:: Records for this exercise ::

lemma trunc_proc_eq_state_proc:
  fixes XR :: "'d::euclidean_space set"
  assumes cvx: "convex (closure XR)" and x0: "x0 \<in> interior XR"
    and "trunc_proc XR H K x0 eps a t \<omega> \<in> interior XR"
  shows "trunc_proc XR H K x0 eps a t \<omega> = state_proc H K x0 eps a t \<omega>"
  using assms(3)
proof (induction t)
  case 0
  then show ?case by simp
next
  case (Suc t)
  define x where "x = trunc_proc XR H K x0 eps a t \<omega>"
  show ?case
  proof (cases "x \<in> interior XR")
    case True
    then have "trunc_proc XR H K x0 eps a (Suc t) \<omega> = H_tilde XR H (K (x, a t \<omega>)) (eps (Suc t) \<omega>)"
      by (simp add: Let_def frontier_def flip: x_def)
    moreover have "interior XR \<noteq> {}" using x0 by auto
    ultimately show ?thesis
      using Suc H_tilde_eq_if_in_interior[OF cvx] True by (simp add: x_def)
  next
    case False
    then have "x \<in> frontier XR"
      using trunc_proc_in_closure[OF cvx x0] by (simp add: frontier_def x_def)
    then have "trunc_proc XR H K x0 eps a (Suc t) \<omega> = x"
      using False by (simp add: Let_def flip: x_def)
    then show ?thesis using Suc.prems False by simp
  qed
qed

lemma state_proc_in_state_space:
  assumes x0: "x0 \<in> Xs"
    and state_space: "\<And>t x b e. t < T \<Longrightarrow> x \<in> Xs \<Longrightarrow> b \<in> A t x \<Longrightarrow> H (K (x, b)) e \<in> Xs"
    and a: "\<And>t. t < T \<Longrightarrow> state_proc H K x0 eps a t \<omega> \<in> Xs \<Longrightarrow>
              a t \<omega> \<in> A t (state_proc H K x0 eps a t \<omega>)"
    and "t \<le> T"
  shows "state_proc H K x0 eps a t \<omega> \<in> Xs"
  using \<open>t \<le> T\<close>
proof (induction t)
  case 0
  then show ?case using x0 by simp
next
  case (Suc t)
  then have "t < T" "state_proc H K x0 eps a t \<omega> \<in> Xs" by auto
  then show ?case using state_space a by simp
qed

fun closed_loop_state :: "('r \<Rightarrow> 'q \<Rightarrow> 'd) \<Rightarrow> ('d \<times> 'p \<Rightarrow> 'r) \<Rightarrow> 'd \<Rightarrow> (nat \<Rightarrow> 'w \<Rightarrow> 'q)
    \<Rightarrow> (nat \<Rightarrow> 'w \<Rightarrow> 'd \<Rightarrow> 'p) \<Rightarrow> nat \<Rightarrow> 'w \<Rightarrow> 'd" where
  "closed_loop_state H K x0 eps g 0 \<omega> = x0"
| "closed_loop_state H K x0 eps g (Suc t) \<omega> =
     (let x = closed_loop_state H K x0 eps g t \<omega> in H (K (x, g t \<omega> x)) (eps (Suc t) \<omega>))"

lemma state_proc_closed_loop:
  "state_proc H K x0 eps (\<lambda>t \<omega>. g t \<omega> (closed_loop_state H K x0 eps g t \<omega>)) t \<omega>
     = closed_loop_state H K x0 eps g t \<omega>"
  by (induction t) (auto simp: Let_def)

:::

• [What is needed]: Transcribe all of the entries without alteration.

• [Task response]:
lemma trunc_proc_eq_state_proc:
  fixes XR :: "'d::euclidean_space set"
  assumes cvx: "convex (closure XR)" and x0: "x0 \<in> interior XR"
    and "trunc_proc XR H K x0 eps a t \<omega> \<in> interior XR"
  shows "trunc_proc XR H K x0 eps a t \<omega> = state_proc H K x0 eps a t \<omega>"
  using assms(3)
proof (induction t)
  case 0
  then show ?case by simp
next
  case (Suc t)
  define x where "x = trunc_proc XR H K x0 eps a t \<omega>"
  show ?case
  proof (cases "x \<in> interior XR")
    case True
    then have "trunc_proc XR H K x0 eps a (Suc t) \<omega> = H_tilde XR H (K (x, a t \<omega>)) (eps (Suc t) \<omega>)"
      by (simp add: Let_def frontier_def flip: x_def)
    moreover have "interior XR \<noteq> {}" using x0 by auto
    ultimately show ?thesis
      using Suc H_tilde_eq_if_in_interior[OF cvx] True by (simp add: x_def)
  next
    case False
    then have "x \<in> frontier XR"
      using trunc_proc_in_closure[OF cvx x0] by (simp add: frontier_def x_def)
    then have "trunc_proc XR H K x0 eps a (Suc t) \<omega> = x"
      using False by (simp add: Let_def flip: x_def)
    then show ?thesis using Suc.prems False by simp
  qed
qed

lemma state_proc_in_state_space:
  assumes x0: "x0 \<in> Xs"
    and state_space: "\<And>t x b e. t < T \<Longrightarrow> x \<in> Xs \<Longrightarrow> b \<in> A t x \<Longrightarrow> H (K (x, b)) e \<in> Xs"
    and a: "\<And>t. t < T \<Longrightarrow> state_proc H K x0 eps a t \<omega> \<in> Xs \<Longrightarrow>
              a t \<omega> \<in> A t (state_proc H K x0 eps a t \<omega>)"
    and "t \<le> T"
  shows "state_proc H K x0 eps a t \<omega> \<in> Xs"
  using \<open>t \<le> T\<close>
proof (induction t)
  case 0
  then show ?case using x0 by simp
next
  case (Suc t)
  then have "t < T" "state_proc H K x0 eps a t \<omega> \<in> Xs" by auto
  then show ?case using state_space a by simp
qed

fun closed_loop_state :: "('r \<Rightarrow> 'q \<Rightarrow> 'd) \<Rightarrow> ('d \<times> 'p \<Rightarrow> 'r) \<Rightarrow> 'd \<Rightarrow> (nat \<Rightarrow> 'w \<Rightarrow> 'q)
    \<Rightarrow> (nat \<Rightarrow> 'w \<Rightarrow> 'd \<Rightarrow> 'p) \<Rightarrow> nat \<Rightarrow> 'w \<Rightarrow> 'd" where
  "closed_loop_state H K x0 eps g 0 \<omega> = x0"
| "closed_loop_state H K x0 eps g (Suc t) \<omega> =
     (let x = closed_loop_state H K x0 eps g t \<omega> in H (K (x, g t \<omega> x)) (eps (Suc t) \<omega>))"

lemma state_proc_closed_loop:
  "state_proc H K x0 eps (\<lambda>t \<omega>. g t \<omega> (closed_loop_state H K x0 eps g t \<omega>)) t \<omega>
     = closed_loop_state H K x0 eps g t \<omega>"
  by (induction t) (auto simp: Let_def)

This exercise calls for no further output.